Because it doesn't sell consumer-facing products and services, many people might not be familiar with Toast (TOST 3.42%), which views itself as the operating system of the restaurants that it serves. The business sells point-of-sale hardware solutions and offers various software and service tools for accepting payments, managing payroll, setting up loyalty programs, and making loans that all make it easier to manage a restaurant location.

Shares of this SaaS enterprise are currently trading 72% below their all-time high. But don't let the market's punishment discourage you. Here are three reasons you should consider buying Toast like there's no tomorrow.

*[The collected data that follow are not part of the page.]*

lemma read_col_write_col:
  assumes "length w = height j0"
  shows "read_col \<tau>' j0 (write_col \<tau>' j0 w) = w"
proof -
  have "read_col \<tau>' j0 (write_col \<tau>' j0 w) = map (\<lambda>a. w ! row_pos \<tau>' j0 a) (row_order \<tau>' j0)"
    unfolding read_col_def write_col_def by (rule map_cong) (use row_order_less set_row_order in auto)
  thus ?thesis using map_row_pos[OF assms] by simp
qed

lemma erase_col_write_col: "\<tau>' \<in> col_fillings (Suc j0) \<Longrightarrow> erase_col j0 (write_col \<tau>' j0 w) = \<tau>'"
  using col_fillingsD(1) by (auto simp: fun_eq_iff erase_col_def write_col_def)

lemma write_col_in_col_fillings:
  assumes t': "\<tau>' \<in> col_fillings (Suc j0)"
    and w: "w \<in> bounded_words (col_bounds j0) (mset (column T j0))"
  shows "write_col \<tau>' j0 w \<in> col_fillings j0"
proof -
  let ?\<tau> = "write_col \<tau>' j0 w"
  have lw: "length w = height j0" and mw: "mset w = mset (column T j0)"
    and bw: "\<forall>p<height j0. w ! p < col_bounds j0 ! p"
    using w length_col_bounds unfolding bounded_words_def by auto
  show "?\<tau> \<in> col_fillings j0" unfolding col_fillings_def
  proof (intro CollectI conjI allI impI)
    fix a j assume "\<not> box lam (a, j) \<or> j < j0"
    thus "?\<tau> (a, j) = 0" using col_fillingsD(1)[OF t'] box_iff_height
      unfolding write_col_def by auto
  next
    fix a j assume j: "j0 \<le> j" and b: "box lam (a, Suc j)"
    show "?\<tau> (a, j) < ?\<tau> (a, Suc j)"
    proof (cases "j = j0")
      case True
      hence a1: "a < height (Suc j0)" using b box_iff_height by simp
      hence a: "a < height j0" using height_Suc_le order.strict_trans2 by blast
      note pos = row_order_row_pos[OF a, of \<tau>']
      have "w ! row_pos \<tau>' j0 a < col_bounds j0 ! row_pos \<tau>' j0 a" using bw pos by simp
      also have "\<dots> = \<tau>' (a, Suc j0)"
        using col_bounds_nth[OF t'] pos a1 unfolding right_entry_def by simp
      finally show ?thesis using True a unfolding write_col_def by simp
    qed (use col_fillingsD(2)[OF t'] j b in \<open>simp add: write_col_def\<close>)
  next
    fix j assume j: "j0 \<le> j"
    show "mset (column ?\<tau> j) = mset (column T j)"
    proof (cases "j = j0")
      case True
      have "column ?\<tau> j0 = map (\<lambda>a. w ! row_pos \<tau>' j0 a) [0..<height j0]"
        unfolding column_def write_col_def by simp
      hence "mset (column ?\<tau> j0) = mset (map (\<lambda>a. w ! row_pos \<tau>' j0 a) (row_order \<tau>' j0))"
        unfolding row_order_def by simp
      thus ?thesis using map_row_pos[OF lw] mw True by simp
    next
      case False
      hence "column ?\<tau> j = column \<tau>' j" unfolding column_def write_col_def by simp
      thus ?thesis using col_fillingsD(3)[OF t'] False j by simp
    qed
  qed
qed
(* Let $\Lambda$ be a row-finite $k$-graph with no sources and let $\alpha$ be an action of $\mathbb{Z}^l$ on $\Lambda$ by automorphisms. Then $\Lambda$ is $\alpha$-aperiodic if and only if $\Lambda\times_\alpha\mathbb{Z}^l$ has no local periodicity.
   Context: A $k$-graph is a countable category $\Lambda$ with a functor $d:\Lambda\to\mathbb{N}^k$ with unique factorisation; vertices are degree-$0$ morphisms; row-finite: each $v\Lambda^n$ finite; no sources: each $v\Lambda^n$ nonempty. An automorphism is a bijective degree-preserving functor. $\Lambda\times_\alpha\mathbb{Z}^l$ is the $(k+l)$-graph with morphisms $\Lambda\times\mathbb{N}^l$, degree $(d(\lambda),m)$, $r(\lambda,m)=(r(\lambda),0)$, $s(\lambda,m)=(\alpha_{-m}(s(\lambda)),0)$, $(\mu,m)(\nu,n)=(\mu\alpha_m(\nu),m+n)$. For a $j$-graph $\Gamma$, $\Gamma^\infty$ is the set of degree-preserving functors $x:\Omega_j\to\Gamma$ ($\Omega_j=\{(a,b)\in\mathbb{N}^j\times\mathbb{N}^j:a\le b\}$, $r(a,b)=(a,a)$, $s(a,b)=(b,b)$, $d(a,b)=b-a$, composition $(a,b)(b,c)=(a,c)$), $v\Gamma^\infty=\{x:x(0,0)=v\}$, $\sigma^q(x)(0,n)=x(q,q+n)$. $\Gamma$ has no local periodicity if for every vertex $v$ and distinct $m,n\in\mathbb{N}^j$ there is $x\in v\Gamma^\infty$ with $\sigma^m(x)\ne\sigma^n(x)$. For an automorphism $\phi$ of $\Lambda$, $\phi^\infty(x)(0,n)=\phi(x(0,n))$. $\Lambda$ is $\alpha$-aperiodic if for each vertex $v$ and distinct $(p,m),(q,n)\in\mathbb{N}^k\times\mathbb{N}^l$ there is $x\in v\Lambda^\infty$ with $\sigma^p(\alpha^\infty_{-m}(x))\ne\sigma^q(\alpha^\infty_{-n}(x))$. *)

theory Defs
  imports Main "HOL-Library.Countable_Set" "HOL-Library.Function_Algebras"
begin
lemma poly_map_poly_of_int: "poly (map_poly of_int p) (of_int x) = (of_int (poly p x) :: 'a::comm_ring_1)"
  by (induction p) (simp_all add: map_poly_pCons)

lemma eventually_poly_pos:
  fixes p :: "int poly"
  assumes "pos_poly p"
  shows "eventually (\<lambda>n. poly p (int n) > 0) sequentially"
proof -
  define q where "q = map_poly (of_int :: int \<Rightarrow> real) p"
  have "p \<noteq> 0"
    using assms by (auto simp: pos_poly_def)
  then have "lead_coeff q > 0"
    using assms lead_coeff_map_poly_nz [of real_of_int p] by (simp add: q_def pos_poly_def)
  then obtain x0 where x0: "\<forall>x\<ge>x0. poly q x \<ge> lead_coeff q"
    using poly_pinfty_gt_lc by blast
  have "poly p (int n) > 0" if "n \<ge> nat \<lceil>x0\<rceil>" for n
  proof -
    have "x0 \<le> real n"
      using that real_nat_ceiling_ge [of x0] by (meson of_nat_le_iff order_trans)
    then have "poly q (real n) > 0"
      using x0 \<open>lead_coeff q > 0\<close> by (meson less_le_trans)
    moreover have "poly q (real n) = of_int (poly p (int n))"
      using poly_map_poly_of_int [of p "int n"] by (simp add: q_def)
    ultimately show ?thesis by simp
  qed
  then show ?thesis
    unfolding eventually_sequentially by blast
qed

Growth is a key part of the story

Ever since Toast was founded in 2012, its growth has been jaw-dropping. Revenue in the third quarter of 2023 (ended Sept. 30) was up 37% year over year, and it was 112% higher than the same period two years ago. Despite macroeconomic headwinds like higher interest rates and inflationary pressures, Toast continues expanding at a brisk pace.

It's not surprising. The business has developed products and services that are in huge demand in the restaurant sector. This shows that Toast is solving a critical problem, which is just how complex and difficult it can be to find back-end solutions from multiple providers to better operate a restaurant. Toast's all-in-one and end-to-end offerings make life easier for owners and managers.

Toast currently has a customer base of 99,000 restaurants, representing more than 10% share in the U.S. -- so there is a huge total addressable market to penetrate. There are 860,000 restaurant locations in this country and 22 million worldwide. Moreover, it is estimated that restaurants will spend $55 billion on tech efforts in the U.S. This means Toast's annualized sales of $4 billion are a tiny share of the overall market.

With the constant introduction of new features, it's easy to see that Toast will continue to provide a compelling proposition for existing and new users. And this should lead to strong growth in the years ahead.

An economic moat is present

An economic moat is a set of characteristics that helps a specific business outperform competitors and discourage new entrants from entering the industry. You usually only see this with more established businesses. That's why it's surprising to see Toast already showing signs of having an economic moat.

More specifically, the company benefits from switching costs. The decision for a restaurant operator to want to change to a different service provider has to be a difficult one, given the potential disruptions it can cause on a day-to-day basis.

Toast's rapid growth thus far demonstrates that it is providing a valuable service to customers. I suspect once managers and employees of a restaurant get familiar with Toast's hardware and software, and figure out how seamless and beneficial it is, they have no intention to switch to competing providers. This lock-in is extremely valuable for Toast.

The company might also be building a well-recognized brand within the industry. Toast mentioned that 20% of new customers come from referrals. Again, this goes to show just how fantastic Toast's product offering is. But maybe more importantly, over time it could help drive down marketing expenses for the business. And this could lead to consistent profits down the road.

The setup is favorable for investors

Investors remain pessimistic about Toast as its stock sits significantly lower than its all-time high. It also doesn't help that shares were up only 1% last year, while the broader Nasdaq Composite index skyrocketed 43%.

As a result of this poor performance, shares currently trade at a price-to-sales ratio of 2.7. That's a huge discount to Toast's historical average valuation. And it presents investors with a very favorable setup to buy a competitively advantaged business at a cheap price.